**About this task**
What you return must be the lines of the data that hold the word "False".
━━ Material supplied
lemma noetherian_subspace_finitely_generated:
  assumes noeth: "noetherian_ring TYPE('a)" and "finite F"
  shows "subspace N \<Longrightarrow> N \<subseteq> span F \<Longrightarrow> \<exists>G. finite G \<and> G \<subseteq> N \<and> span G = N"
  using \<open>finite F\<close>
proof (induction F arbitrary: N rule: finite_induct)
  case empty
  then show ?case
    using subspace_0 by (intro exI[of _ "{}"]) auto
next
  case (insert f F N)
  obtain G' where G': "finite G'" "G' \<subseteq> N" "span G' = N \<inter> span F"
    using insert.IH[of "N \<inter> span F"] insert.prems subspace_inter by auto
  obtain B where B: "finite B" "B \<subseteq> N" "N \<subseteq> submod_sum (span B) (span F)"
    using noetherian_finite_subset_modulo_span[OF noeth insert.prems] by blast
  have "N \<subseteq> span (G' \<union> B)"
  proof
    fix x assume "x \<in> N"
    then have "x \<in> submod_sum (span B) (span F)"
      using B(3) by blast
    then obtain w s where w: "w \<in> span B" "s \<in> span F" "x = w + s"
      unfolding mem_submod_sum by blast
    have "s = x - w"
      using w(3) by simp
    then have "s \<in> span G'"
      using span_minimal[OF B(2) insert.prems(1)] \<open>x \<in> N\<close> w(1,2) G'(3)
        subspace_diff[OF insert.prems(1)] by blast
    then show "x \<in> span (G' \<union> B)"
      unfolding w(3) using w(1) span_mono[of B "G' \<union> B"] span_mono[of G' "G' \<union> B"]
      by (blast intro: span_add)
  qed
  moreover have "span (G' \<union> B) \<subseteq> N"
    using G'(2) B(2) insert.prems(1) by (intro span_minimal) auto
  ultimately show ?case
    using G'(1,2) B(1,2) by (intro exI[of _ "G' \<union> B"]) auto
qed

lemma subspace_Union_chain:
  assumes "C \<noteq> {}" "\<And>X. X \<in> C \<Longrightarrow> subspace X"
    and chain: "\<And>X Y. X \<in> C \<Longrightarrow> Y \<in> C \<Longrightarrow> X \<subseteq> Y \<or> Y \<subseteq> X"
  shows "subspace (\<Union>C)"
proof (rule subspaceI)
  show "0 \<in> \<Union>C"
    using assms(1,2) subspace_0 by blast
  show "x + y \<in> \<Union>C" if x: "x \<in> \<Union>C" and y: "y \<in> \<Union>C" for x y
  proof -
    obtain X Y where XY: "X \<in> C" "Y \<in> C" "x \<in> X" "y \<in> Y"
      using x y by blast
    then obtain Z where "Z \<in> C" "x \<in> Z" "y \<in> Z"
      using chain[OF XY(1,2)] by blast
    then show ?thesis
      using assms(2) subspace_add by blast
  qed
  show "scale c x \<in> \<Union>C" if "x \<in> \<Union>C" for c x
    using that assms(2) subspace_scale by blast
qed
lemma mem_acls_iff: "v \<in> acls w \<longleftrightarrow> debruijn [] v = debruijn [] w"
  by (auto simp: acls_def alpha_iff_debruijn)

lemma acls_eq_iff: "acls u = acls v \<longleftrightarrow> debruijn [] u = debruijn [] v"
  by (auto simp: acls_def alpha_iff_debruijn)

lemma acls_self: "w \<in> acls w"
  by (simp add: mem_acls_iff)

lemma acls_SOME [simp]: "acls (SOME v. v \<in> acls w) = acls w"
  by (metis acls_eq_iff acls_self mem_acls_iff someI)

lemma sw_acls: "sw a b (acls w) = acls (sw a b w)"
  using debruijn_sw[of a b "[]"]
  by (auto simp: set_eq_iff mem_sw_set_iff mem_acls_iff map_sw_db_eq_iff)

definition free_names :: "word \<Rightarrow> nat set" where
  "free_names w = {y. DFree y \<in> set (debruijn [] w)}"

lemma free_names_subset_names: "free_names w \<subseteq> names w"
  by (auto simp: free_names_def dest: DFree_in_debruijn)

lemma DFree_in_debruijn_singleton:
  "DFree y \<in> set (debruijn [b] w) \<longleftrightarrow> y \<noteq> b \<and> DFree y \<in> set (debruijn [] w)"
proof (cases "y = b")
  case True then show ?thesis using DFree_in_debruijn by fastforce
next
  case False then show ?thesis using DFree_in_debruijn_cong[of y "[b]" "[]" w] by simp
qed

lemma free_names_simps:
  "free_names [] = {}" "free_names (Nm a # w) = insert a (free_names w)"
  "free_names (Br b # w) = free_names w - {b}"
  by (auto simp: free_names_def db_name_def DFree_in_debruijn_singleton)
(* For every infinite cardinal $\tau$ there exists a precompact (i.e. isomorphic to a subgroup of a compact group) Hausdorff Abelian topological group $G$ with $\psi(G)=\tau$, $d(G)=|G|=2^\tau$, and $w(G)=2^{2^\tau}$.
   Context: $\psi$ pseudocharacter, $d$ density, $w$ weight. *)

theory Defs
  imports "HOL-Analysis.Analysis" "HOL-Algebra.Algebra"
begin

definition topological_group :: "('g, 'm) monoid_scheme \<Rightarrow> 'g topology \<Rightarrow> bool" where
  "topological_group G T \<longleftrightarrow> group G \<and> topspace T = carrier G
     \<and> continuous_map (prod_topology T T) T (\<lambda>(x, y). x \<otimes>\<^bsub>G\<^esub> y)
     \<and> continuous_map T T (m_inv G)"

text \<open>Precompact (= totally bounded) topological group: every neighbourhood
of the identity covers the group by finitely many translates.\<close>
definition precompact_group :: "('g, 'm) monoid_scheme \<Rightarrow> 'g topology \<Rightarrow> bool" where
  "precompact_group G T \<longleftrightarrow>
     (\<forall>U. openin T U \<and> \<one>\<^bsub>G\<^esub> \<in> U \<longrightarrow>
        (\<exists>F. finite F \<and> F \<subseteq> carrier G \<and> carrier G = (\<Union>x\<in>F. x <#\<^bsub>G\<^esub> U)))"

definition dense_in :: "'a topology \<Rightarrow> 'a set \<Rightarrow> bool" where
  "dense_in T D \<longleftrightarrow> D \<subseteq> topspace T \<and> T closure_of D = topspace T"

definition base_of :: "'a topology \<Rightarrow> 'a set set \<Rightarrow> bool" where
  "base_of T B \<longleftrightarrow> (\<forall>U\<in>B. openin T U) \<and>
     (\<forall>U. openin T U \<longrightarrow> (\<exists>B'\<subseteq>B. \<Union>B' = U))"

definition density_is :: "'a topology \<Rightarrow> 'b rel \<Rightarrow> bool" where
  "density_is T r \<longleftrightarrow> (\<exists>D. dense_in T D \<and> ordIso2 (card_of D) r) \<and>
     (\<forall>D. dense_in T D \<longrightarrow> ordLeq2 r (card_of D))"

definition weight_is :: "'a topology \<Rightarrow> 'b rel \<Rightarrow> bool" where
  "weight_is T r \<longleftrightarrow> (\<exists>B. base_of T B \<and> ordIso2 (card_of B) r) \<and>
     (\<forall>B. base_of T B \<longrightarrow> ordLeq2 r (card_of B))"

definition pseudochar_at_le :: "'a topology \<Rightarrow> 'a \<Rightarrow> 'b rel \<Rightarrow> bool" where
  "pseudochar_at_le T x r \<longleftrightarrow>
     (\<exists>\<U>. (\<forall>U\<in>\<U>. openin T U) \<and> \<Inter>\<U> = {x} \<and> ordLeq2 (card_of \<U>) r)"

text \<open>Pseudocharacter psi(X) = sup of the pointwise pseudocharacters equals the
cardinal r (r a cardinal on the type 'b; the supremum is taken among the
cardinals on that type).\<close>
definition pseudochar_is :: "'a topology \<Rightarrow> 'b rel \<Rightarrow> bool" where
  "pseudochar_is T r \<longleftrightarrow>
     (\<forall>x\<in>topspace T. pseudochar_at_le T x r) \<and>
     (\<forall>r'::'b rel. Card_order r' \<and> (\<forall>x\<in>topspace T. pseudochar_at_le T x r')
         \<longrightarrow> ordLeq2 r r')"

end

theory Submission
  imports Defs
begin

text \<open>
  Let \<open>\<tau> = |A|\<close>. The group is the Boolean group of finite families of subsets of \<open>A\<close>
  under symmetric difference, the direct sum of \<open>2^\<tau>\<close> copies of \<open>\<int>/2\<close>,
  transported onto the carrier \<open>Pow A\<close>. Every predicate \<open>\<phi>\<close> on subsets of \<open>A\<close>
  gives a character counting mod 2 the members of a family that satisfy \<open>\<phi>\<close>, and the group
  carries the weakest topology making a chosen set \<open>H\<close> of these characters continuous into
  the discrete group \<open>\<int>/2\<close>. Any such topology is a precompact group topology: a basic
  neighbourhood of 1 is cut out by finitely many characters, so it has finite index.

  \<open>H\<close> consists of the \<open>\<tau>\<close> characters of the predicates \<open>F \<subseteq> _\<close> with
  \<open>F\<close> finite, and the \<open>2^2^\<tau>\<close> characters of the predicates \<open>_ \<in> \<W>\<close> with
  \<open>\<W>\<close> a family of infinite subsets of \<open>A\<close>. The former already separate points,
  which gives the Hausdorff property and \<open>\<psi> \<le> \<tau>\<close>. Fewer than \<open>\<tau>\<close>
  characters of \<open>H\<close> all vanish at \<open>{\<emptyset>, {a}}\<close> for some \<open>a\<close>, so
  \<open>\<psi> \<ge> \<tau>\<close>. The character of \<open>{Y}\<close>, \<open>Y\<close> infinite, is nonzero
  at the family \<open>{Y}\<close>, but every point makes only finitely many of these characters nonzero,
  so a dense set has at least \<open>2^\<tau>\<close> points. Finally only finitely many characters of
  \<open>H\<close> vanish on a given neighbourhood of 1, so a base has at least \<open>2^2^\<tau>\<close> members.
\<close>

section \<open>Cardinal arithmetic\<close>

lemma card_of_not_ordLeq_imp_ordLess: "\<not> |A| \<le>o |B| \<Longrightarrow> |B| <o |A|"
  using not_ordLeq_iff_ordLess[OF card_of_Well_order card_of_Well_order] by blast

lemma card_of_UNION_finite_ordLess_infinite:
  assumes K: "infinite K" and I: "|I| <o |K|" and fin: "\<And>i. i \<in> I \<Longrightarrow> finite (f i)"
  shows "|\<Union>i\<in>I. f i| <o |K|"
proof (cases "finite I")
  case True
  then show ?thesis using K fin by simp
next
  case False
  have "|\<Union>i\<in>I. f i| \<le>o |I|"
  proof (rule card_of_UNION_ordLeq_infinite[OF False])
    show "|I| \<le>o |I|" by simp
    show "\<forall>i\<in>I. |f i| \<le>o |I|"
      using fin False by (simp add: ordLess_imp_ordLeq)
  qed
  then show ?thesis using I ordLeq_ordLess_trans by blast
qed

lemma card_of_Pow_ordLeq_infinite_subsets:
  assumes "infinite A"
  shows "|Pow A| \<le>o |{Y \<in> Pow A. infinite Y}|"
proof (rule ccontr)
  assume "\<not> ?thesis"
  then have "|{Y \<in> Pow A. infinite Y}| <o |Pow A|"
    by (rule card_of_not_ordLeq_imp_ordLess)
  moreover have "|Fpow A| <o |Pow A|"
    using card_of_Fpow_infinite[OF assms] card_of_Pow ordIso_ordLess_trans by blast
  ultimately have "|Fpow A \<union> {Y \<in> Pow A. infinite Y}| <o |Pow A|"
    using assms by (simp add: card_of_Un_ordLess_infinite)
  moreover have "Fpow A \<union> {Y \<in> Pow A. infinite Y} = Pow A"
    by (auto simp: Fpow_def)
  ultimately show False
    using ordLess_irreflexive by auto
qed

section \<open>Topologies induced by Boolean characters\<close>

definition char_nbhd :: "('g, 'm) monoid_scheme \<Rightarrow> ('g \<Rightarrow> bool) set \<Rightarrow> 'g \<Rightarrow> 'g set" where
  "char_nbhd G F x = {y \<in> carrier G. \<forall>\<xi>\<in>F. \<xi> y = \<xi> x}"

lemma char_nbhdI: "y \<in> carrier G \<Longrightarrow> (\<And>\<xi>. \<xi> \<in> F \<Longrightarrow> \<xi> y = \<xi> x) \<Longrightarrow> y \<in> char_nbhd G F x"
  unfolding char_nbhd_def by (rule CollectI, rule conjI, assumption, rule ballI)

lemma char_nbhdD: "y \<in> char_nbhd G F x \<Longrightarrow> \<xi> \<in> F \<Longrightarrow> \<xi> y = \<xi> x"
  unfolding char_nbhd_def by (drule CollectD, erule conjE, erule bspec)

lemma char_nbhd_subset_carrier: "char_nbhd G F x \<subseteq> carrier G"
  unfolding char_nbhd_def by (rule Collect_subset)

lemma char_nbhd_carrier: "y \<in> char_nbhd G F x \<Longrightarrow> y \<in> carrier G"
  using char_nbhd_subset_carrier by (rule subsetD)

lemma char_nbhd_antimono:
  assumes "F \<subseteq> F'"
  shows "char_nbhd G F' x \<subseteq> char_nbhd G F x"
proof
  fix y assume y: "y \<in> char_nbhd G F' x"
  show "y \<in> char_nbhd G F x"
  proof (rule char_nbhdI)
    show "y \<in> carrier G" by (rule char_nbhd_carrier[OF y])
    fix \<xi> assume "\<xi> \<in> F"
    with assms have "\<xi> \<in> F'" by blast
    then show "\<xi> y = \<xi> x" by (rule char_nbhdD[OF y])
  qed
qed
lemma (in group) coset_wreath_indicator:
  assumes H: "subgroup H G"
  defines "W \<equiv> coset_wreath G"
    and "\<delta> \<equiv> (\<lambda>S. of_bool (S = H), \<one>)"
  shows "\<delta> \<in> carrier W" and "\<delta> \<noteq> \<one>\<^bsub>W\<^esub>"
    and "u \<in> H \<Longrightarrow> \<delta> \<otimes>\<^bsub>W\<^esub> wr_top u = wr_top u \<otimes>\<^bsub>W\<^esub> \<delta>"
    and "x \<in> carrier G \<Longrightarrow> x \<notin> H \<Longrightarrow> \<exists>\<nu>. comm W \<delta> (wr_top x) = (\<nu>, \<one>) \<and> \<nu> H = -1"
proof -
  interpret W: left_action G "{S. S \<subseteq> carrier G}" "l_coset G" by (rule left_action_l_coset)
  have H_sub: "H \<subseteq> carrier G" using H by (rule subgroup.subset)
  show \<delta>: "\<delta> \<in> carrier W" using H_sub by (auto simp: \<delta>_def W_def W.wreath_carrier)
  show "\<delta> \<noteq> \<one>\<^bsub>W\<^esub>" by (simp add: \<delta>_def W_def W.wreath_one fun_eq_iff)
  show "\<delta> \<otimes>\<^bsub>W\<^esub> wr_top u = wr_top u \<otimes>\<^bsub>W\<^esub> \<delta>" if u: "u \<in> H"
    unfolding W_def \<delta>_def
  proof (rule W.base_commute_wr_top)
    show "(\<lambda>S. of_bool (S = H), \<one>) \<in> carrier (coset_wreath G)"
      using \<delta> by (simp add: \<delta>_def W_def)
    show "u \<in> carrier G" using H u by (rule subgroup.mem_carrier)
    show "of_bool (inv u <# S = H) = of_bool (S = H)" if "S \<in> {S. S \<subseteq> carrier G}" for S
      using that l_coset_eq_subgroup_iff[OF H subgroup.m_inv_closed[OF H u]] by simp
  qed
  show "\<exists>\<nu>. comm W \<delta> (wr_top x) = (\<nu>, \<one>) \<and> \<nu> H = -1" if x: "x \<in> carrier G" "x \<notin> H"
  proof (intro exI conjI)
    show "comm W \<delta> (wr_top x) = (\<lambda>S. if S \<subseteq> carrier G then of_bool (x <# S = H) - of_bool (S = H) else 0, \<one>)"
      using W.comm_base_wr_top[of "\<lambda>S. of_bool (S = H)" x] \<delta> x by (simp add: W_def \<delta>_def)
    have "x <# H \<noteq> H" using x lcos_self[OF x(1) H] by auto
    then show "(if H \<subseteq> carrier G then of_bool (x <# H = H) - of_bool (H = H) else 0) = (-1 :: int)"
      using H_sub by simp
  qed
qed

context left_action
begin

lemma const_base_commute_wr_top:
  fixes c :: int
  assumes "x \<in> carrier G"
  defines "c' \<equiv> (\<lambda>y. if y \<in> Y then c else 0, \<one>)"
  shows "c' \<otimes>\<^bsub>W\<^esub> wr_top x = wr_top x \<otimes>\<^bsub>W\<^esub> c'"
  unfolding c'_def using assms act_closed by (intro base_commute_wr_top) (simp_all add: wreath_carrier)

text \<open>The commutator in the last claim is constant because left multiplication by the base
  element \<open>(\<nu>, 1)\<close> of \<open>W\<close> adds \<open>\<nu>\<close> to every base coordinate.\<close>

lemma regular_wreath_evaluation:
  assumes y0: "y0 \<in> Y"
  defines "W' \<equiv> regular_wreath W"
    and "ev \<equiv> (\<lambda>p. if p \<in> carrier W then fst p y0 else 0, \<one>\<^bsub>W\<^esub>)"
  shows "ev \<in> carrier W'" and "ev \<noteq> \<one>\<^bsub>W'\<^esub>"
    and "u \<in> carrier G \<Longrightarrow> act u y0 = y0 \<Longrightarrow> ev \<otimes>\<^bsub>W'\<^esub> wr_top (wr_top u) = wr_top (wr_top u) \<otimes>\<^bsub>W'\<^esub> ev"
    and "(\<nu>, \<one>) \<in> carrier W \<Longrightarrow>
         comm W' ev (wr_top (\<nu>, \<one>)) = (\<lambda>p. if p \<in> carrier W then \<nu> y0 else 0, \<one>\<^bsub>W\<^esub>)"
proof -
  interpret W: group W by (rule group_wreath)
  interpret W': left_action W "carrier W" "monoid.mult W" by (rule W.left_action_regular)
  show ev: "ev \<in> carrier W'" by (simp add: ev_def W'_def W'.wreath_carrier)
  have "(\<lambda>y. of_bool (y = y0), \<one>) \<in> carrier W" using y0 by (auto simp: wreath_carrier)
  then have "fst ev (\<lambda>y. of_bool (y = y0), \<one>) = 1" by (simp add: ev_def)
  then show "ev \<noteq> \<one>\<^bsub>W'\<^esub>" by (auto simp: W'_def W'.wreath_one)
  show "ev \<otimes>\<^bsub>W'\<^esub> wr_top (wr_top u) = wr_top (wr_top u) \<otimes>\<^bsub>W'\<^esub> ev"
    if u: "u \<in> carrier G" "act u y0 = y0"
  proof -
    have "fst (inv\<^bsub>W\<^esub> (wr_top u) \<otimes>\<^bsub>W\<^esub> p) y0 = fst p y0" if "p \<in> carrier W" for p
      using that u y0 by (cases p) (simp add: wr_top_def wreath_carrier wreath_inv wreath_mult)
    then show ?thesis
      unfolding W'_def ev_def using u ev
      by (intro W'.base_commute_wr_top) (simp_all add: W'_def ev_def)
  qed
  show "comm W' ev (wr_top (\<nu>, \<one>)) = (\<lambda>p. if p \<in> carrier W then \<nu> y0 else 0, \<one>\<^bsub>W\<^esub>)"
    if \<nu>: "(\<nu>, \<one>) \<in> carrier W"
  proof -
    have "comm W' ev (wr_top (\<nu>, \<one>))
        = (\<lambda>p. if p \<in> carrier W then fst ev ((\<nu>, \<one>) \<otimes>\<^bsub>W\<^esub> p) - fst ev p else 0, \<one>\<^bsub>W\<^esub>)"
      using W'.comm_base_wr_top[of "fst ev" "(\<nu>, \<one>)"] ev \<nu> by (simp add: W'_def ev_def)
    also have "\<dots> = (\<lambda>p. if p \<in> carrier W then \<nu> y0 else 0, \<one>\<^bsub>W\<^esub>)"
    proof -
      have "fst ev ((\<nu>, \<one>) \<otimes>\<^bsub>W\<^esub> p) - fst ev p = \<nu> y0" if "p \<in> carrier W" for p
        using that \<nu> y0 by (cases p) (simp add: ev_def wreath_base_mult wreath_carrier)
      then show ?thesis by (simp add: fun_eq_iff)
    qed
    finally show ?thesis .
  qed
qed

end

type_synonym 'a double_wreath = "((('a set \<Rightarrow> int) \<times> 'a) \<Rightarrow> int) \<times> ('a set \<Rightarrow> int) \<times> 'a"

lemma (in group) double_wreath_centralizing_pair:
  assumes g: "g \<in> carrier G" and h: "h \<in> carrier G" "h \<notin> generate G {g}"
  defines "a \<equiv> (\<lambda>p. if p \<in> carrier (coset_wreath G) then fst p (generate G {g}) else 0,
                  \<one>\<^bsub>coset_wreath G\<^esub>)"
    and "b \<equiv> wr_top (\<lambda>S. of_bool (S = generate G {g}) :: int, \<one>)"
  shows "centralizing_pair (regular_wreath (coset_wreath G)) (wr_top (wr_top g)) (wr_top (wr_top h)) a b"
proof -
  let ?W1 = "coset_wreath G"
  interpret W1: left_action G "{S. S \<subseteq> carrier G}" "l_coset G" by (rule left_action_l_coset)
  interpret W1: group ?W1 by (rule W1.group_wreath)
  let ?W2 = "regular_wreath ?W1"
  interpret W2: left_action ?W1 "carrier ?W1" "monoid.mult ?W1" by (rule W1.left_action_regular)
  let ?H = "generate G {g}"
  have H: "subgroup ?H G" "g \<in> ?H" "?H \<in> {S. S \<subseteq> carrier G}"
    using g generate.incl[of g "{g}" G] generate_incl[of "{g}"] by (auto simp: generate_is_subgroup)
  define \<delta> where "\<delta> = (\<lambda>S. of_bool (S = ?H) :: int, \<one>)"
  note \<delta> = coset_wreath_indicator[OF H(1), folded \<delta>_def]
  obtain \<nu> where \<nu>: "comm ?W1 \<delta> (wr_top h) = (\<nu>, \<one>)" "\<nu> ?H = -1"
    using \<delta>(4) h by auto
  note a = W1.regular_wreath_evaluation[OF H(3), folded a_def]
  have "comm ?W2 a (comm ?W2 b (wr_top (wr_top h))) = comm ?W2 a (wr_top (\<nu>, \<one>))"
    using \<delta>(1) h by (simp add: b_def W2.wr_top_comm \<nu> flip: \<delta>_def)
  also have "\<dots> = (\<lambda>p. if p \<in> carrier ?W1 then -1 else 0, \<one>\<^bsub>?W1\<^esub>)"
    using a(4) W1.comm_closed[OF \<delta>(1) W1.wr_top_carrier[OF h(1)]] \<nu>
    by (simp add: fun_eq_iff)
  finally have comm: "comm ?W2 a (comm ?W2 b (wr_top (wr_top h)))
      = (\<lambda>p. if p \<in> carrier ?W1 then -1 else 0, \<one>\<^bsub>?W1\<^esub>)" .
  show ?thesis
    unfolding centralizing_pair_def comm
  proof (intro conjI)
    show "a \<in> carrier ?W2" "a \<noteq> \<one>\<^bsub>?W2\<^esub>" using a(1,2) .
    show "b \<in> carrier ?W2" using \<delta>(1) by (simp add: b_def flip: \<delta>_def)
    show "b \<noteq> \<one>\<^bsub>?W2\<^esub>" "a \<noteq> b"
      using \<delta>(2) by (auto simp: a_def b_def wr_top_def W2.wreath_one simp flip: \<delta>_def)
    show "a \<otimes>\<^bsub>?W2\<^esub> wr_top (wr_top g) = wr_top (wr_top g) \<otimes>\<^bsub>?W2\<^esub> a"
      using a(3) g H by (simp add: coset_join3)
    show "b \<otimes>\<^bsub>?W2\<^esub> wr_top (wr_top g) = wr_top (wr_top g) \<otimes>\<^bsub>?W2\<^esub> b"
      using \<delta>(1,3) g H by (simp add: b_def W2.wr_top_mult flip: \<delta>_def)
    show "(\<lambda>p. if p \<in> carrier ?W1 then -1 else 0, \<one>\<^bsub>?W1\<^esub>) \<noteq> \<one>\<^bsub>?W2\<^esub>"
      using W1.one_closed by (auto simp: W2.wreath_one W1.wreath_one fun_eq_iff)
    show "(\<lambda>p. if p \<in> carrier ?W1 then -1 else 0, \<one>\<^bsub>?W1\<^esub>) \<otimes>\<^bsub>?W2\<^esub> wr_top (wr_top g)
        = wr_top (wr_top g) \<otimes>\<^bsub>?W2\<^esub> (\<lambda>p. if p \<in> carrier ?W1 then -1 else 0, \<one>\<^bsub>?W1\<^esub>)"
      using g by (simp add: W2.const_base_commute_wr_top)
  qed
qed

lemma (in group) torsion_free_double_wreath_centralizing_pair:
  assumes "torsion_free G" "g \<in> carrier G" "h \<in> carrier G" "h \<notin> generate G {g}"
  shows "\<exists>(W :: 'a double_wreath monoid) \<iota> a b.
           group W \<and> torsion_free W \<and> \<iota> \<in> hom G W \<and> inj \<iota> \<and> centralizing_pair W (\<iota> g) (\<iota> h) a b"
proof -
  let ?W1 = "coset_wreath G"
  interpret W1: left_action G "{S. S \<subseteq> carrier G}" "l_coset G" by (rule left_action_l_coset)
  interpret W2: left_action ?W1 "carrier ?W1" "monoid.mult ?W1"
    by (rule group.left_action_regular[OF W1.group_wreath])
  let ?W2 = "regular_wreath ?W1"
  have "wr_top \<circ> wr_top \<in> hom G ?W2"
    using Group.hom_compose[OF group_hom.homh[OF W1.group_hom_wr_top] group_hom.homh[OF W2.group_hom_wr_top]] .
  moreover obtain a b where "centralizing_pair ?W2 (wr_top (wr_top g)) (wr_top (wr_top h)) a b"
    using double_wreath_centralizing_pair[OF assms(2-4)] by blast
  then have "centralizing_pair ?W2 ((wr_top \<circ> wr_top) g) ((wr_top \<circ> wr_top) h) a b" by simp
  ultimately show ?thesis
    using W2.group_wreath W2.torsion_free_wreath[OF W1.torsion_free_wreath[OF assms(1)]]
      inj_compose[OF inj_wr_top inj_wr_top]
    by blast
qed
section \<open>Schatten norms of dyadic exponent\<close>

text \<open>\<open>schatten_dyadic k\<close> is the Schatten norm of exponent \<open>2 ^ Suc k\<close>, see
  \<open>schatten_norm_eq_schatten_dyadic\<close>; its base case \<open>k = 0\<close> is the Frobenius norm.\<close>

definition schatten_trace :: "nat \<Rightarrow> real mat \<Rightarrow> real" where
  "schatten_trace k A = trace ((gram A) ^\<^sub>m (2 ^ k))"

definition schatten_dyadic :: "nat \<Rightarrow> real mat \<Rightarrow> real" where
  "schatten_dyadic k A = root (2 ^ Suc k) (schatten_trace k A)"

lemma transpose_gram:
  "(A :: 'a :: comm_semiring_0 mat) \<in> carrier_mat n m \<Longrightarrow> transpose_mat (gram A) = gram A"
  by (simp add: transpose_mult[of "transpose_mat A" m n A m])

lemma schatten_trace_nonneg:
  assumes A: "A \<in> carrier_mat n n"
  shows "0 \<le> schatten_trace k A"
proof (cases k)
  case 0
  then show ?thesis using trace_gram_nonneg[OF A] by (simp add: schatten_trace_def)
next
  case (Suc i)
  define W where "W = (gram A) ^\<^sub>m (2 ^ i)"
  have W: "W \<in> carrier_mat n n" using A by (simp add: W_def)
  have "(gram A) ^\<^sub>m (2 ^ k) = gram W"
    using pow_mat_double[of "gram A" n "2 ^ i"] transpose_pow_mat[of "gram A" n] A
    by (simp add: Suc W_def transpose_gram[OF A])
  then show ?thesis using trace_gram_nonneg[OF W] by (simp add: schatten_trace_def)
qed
━━━━
**Task solution**
  case False then show ?thesis using DFree_in_debruijn_cong[of y "[b]" "[]" w] by simp
  case False
  proof (rule card_of_UNION_ordLeq_infinite[OF False])
      using fin False by (simp add: ordLess_imp_ordLeq)
  ultimately show False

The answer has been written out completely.